*WHAT YOU HAVE TO DO*: Every line below should be given again without alteration.

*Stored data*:
-.-.-

(* Let $\alpha,\beta>0$, $\mathbf{c}=(c_j)_{j\in\mathbb{Z}}\in L^\infty(\mathbb{R}_+,\ell^\infty(\mathbb{Z}))$ and $\zeta,\xi:\mathbb{R}_+\to\mathbb{R}$ continuous. Let $W_j,Q_j\in\mathscr{C}^1([0,+\infty),\mathbb{R})$ ($j\in\mathbb{Z}$) satisfy, for all $t>0$ and integers $\zeta(t)\le j\le\xi(t)$, $$W_j'(t)\ge-2\alpha W_j(t)+\beta(Q_j(t)+Q_{j+1}(t)),\qquad Q_j'(t)\ge c_j(t)Q_j(t)+\alpha(W_j(t)+W_{j-1}(t)).$$ Assume $W_j(0)\ge0$, $Q_j(0)\ge0$ for all integers $\zeta(0)-1\le j\le\xi(0)+1$, and $W_j(t)\ge0$, $Q_j(t)\ge0$ for all $t>0$ and integers $j\in[\zeta(t)-1,\zeta(t))\cup(\xi(t),\xi(t)+1]$. Then $W_j(t)\ge0$ and $Q_j(t)\ge0$ for all $t>0$ and integers $\zeta(t)\le j\le\xi(t)$. *)

theory Defs
  imports "HOL-Analysis.Analysis"
begin

end

theory Submission
  imports Defs
begin
lemma matrix_MP_unique:
  fixes A :: "complex^'n^'m"
  assumes "is_matrix_MP A W1" and "is_matrix_MP A W2"
  shows "W1 = W2"
proof -
  have 1: "A ** W1 ** A = A" "W1 ** A ** W1 = W1" "cmat_adj (A ** W1) = A ** W1"
      "cmat_adj (W1 ** A) = W1 ** A"
    using assms(1) unfolding is_matrix_MP_def by auto
  have 2: "A ** W2 ** A = A" "W2 ** A ** W2 = W2" "cmat_adj (A ** W2) = A ** W2"
      "cmat_adj (W2 ** A) = W2 ** A"
    using assms(2) unfolding is_matrix_MP_def by auto
  have "W1 = W1 ** cmat_adj (A ** W1)"
    using 1(2,3) by (simp add: matrix_mul_assoc)
  also have "\<dots> = W1 ** cmat_adj (A ** W2 ** A ** W1)"
    using 2(1) by simp
  also have "\<dots> = W1 ** A ** W1 ** A ** W2"
    using 1(3) 2(3) by (simp add: cmat_adj_mult matrix_mul_assoc)
  also have "\<dots> = W1 ** A ** W2"
    using 1(2) by simp
  also have "\<dots> = W1 ** A ** (W2 ** A ** W2)"
    using 2(2) by simp
  also have "\<dots> = cmat_adj (W2 ** (A ** W1 ** A)) ** W2"
    using 1(4) 2(4) by (simp add: cmat_adj_mult matrix_mul_assoc)
  also have "\<dots> = cmat_adj (W2 ** A) ** W2"
    using 1(1) by simp
  also have "\<dots> = W2"
    using 2(2,4) by simp
  finally show ?thesis .
qed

-.-.-

*RESPONSE AREA*:
(* Let $\alpha,\beta>0$, $\mathbf{c}=(c_j)_{j\in\mathbb{Z}}\in L^\infty(\mathbb{R}_+,\ell^\infty(\mathbb{Z}))$ and $\zeta,\xi:\mathbb{R}_+\to\mathbb{R}$ continuous. Let $W_j,Q_j\in\mathscr{C}^1([0,+\infty),\mathbb{R})$ ($j\in\mathbb{Z}$) satisfy, for all $t>0$ and integers $\zeta(t)\le j\le\xi(t)$, $$W_j'(t)\ge-2\alpha W_j(t)+\beta(Q_j(t)+Q_{j+1}(t)),\qquad Q_j'(t)\ge c_j(t)Q_j(t)+\alpha(W_j(t)+W_{j-1}(t)).$$ Assume $W_j(0)\ge0$, $Q_j(0)\ge0$ for all integers $\zeta(0)-1\le j\le\xi(0)+1$, and $W_j(t)\ge0$, $Q_j(t)\ge0$ for all $t>0$ and integers $j\in[\zeta(t)-1,\zeta(t))\cup(\xi(t),\xi(t)+1]$. Then $W_j(t)\ge0$ and $Q_j(t)\ge0$ for all $t>0$ and integers $\zeta(t)\le j\le\xi(t)$. *)

theory Defs
  imports "HOL-Analysis.Analysis"
begin

end

theory Submission
  imports Defs
begin
lemma matrix_MP_unique:
  fixes A :: "complex^'n^'m"
  assumes "is_matrix_MP A W1" and "is_matrix_MP A W2"
  shows "W1 = W2"
proof -
  have 1: "A ** W1 ** A = A" "W1 ** A ** W1 = W1" "cmat_adj (A ** W1) = A ** W1"
      "cmat_adj (W1 ** A) = W1 ** A"
    using assms(1) unfolding is_matrix_MP_def by auto
  have 2: "A ** W2 ** A = A" "W2 ** A ** W2 = W2" "cmat_adj (A ** W2) = A ** W2"
      "cmat_adj (W2 ** A) = W2 ** A"
    using assms(2) unfolding is_matrix_MP_def by auto
  have "W1 = W1 ** cmat_adj (A ** W1)"
    using 1(2,3) by (simp add: matrix_mul_assoc)
  also have "\<dots> = W1 ** cmat_adj (A ** W2 ** A ** W1)"
    using 2(1) by simp
  also have "\<dots> = W1 ** A ** W1 ** A ** W2"
    using 1(3) 2(3) by (simp add: cmat_adj_mult matrix_mul_assoc)
  also have "\<dots> = W1 ** A ** W2"
    using 1(2) by simp
  also have "\<dots> = W1 ** A ** (W2 ** A ** W2)"
    using 2(2) by simp
  also have "\<dots> = cmat_adj (W2 ** (A ** W1 ** A)) ** W2"
    using 1(4) 2(4) by (simp add: cmat_adj_mult matrix_mul_assoc)
  also have "\<dots> = cmat_adj (W2 ** A) ** W2"
    using 1(1) by simp
  also have "\<dots> = W2"
    using 2(2,4) by simp
  finally show ?thesis .
qed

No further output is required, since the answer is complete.